* **Records provided**:
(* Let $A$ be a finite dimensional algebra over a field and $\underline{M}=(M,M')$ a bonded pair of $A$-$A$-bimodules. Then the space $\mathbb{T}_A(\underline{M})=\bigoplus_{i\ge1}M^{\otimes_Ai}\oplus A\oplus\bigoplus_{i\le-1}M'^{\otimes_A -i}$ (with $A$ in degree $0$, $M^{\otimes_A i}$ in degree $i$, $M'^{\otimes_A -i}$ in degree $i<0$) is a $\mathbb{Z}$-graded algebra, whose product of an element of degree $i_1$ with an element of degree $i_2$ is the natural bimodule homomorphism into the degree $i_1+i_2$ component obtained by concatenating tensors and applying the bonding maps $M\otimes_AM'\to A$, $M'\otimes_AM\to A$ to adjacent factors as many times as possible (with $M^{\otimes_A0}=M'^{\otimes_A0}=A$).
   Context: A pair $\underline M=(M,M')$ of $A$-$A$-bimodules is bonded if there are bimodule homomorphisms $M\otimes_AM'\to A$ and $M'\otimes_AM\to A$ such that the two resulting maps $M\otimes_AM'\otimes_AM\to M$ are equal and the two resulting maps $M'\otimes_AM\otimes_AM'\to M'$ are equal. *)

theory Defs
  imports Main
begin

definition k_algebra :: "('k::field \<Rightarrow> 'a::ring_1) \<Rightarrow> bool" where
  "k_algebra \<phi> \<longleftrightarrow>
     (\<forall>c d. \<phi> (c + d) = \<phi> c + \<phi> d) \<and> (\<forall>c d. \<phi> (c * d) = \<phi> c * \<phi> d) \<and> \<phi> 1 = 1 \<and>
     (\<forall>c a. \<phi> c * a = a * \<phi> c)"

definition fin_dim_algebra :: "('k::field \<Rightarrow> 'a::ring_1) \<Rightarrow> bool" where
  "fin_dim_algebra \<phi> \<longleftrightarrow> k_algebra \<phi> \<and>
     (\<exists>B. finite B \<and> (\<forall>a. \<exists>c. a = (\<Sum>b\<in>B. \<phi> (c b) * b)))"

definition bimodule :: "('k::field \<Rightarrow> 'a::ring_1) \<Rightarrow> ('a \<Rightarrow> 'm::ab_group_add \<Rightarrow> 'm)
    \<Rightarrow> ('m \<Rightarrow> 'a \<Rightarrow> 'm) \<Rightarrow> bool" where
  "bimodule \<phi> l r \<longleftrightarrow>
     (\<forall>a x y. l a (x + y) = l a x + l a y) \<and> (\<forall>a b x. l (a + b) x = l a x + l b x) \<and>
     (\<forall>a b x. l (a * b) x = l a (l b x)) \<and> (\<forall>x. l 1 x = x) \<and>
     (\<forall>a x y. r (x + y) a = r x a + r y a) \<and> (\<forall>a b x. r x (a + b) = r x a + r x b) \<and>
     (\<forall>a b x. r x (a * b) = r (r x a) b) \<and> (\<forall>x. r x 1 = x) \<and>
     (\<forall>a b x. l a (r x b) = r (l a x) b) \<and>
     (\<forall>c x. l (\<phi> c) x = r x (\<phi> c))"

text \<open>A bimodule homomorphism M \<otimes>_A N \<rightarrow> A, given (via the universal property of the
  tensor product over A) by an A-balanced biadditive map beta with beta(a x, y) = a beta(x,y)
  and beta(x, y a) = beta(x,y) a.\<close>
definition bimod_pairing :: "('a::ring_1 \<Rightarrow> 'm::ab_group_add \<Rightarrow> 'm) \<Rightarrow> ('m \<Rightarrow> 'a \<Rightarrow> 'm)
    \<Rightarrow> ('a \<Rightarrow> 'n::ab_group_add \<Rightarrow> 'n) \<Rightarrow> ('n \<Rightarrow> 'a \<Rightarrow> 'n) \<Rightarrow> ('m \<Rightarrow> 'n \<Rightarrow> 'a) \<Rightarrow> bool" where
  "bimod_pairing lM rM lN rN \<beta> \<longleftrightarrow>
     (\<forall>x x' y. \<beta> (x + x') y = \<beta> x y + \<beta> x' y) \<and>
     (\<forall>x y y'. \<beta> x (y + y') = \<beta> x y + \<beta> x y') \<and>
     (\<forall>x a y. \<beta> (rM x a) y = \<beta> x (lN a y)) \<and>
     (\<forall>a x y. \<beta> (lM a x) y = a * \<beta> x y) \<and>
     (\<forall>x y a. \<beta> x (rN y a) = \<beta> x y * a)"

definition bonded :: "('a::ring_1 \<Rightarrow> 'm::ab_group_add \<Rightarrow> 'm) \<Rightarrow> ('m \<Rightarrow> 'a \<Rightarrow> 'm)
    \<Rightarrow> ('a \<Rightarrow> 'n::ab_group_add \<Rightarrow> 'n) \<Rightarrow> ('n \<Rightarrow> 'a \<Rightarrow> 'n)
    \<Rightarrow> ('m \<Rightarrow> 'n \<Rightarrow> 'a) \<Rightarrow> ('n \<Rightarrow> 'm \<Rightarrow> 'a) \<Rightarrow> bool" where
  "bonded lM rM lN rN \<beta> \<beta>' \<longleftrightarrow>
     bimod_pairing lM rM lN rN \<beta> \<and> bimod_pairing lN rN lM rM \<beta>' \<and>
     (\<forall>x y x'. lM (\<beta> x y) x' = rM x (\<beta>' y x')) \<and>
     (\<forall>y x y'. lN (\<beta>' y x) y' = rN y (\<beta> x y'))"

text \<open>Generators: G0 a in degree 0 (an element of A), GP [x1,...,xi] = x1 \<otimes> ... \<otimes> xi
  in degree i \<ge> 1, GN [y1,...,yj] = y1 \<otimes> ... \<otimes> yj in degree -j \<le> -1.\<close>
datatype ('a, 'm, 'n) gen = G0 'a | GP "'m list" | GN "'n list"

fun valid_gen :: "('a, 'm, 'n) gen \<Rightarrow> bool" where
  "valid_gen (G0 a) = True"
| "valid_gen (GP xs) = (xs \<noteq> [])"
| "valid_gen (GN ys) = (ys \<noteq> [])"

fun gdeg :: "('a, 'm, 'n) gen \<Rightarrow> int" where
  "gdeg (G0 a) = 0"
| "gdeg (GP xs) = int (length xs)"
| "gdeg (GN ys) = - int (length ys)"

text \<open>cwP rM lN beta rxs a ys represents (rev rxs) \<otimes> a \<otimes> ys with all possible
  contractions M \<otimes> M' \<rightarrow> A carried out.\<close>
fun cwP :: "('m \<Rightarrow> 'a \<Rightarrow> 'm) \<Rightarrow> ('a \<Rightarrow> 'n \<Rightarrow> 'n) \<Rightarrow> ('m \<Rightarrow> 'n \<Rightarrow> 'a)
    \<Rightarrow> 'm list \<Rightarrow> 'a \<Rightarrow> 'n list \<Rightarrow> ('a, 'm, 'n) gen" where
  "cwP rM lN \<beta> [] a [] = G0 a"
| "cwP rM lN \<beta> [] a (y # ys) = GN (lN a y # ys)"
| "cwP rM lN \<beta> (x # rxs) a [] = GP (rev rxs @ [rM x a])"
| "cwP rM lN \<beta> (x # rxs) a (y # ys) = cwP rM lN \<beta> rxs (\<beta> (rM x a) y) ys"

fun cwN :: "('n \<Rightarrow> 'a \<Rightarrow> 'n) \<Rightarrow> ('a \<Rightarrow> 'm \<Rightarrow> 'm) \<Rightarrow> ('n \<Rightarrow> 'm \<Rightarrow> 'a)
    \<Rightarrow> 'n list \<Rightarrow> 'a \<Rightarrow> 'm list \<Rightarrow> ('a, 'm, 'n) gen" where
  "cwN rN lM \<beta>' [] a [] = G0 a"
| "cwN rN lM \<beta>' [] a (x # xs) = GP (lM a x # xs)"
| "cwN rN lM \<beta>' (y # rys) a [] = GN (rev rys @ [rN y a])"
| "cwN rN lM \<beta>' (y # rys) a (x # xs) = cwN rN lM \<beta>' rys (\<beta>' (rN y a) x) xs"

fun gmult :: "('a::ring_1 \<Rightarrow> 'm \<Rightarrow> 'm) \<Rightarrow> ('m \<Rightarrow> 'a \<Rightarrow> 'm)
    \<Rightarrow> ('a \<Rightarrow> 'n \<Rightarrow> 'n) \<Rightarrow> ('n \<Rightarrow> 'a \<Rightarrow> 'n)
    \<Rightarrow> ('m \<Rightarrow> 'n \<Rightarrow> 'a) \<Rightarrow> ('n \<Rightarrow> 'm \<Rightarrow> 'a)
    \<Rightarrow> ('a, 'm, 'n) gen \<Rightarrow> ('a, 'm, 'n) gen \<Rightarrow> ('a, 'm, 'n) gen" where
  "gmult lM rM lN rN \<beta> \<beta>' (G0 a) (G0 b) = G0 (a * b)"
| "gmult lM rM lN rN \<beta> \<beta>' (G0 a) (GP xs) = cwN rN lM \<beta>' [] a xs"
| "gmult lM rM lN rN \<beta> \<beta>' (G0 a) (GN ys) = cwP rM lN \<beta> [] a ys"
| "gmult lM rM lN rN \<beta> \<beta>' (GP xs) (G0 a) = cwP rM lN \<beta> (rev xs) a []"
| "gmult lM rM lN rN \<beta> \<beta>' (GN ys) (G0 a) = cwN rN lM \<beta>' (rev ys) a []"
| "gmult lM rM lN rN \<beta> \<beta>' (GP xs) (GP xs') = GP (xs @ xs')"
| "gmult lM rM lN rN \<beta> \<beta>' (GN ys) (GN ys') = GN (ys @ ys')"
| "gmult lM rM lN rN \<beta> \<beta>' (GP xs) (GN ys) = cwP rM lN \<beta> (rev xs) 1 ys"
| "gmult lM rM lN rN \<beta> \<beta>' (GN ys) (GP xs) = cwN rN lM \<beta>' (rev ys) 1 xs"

* **Task**:
Reproduce the lines of the entries above from the one with "(\<forall>a x y. l" to the one with "text \<open>A bimodule", both included, exactly and without any other line.

* **Expected answer**:
     (\<forall>a x y. l a (x + y) = l a x + l a y) \<and> (\<forall>a b x. l (a + b) x = l a x + l b x) \<and>
     (\<forall>a b x. l (a * b) x = l a (l b x)) \<and> (\<forall>x. l 1 x = x) \<and>
     (\<forall>a x y. r (x + y) a = r x a + r y a) \<and> (\<forall>a b x. r x (a + b) = r x a + r x b) \<and>
     (\<forall>a b x. r x (a * b) = r (r x a) b) \<and> (\<forall>x. r x 1 = x) \<and>
     (\<forall>a b x. l a (r x b) = r (l a x) b) \<and>
     (\<forall>c x. l (\<phi> c) x = r x (\<phi> c))"

text \<open>A bimodule homomorphism M \<otimes>_A N \<rightarrow> A, given (via the universal property of the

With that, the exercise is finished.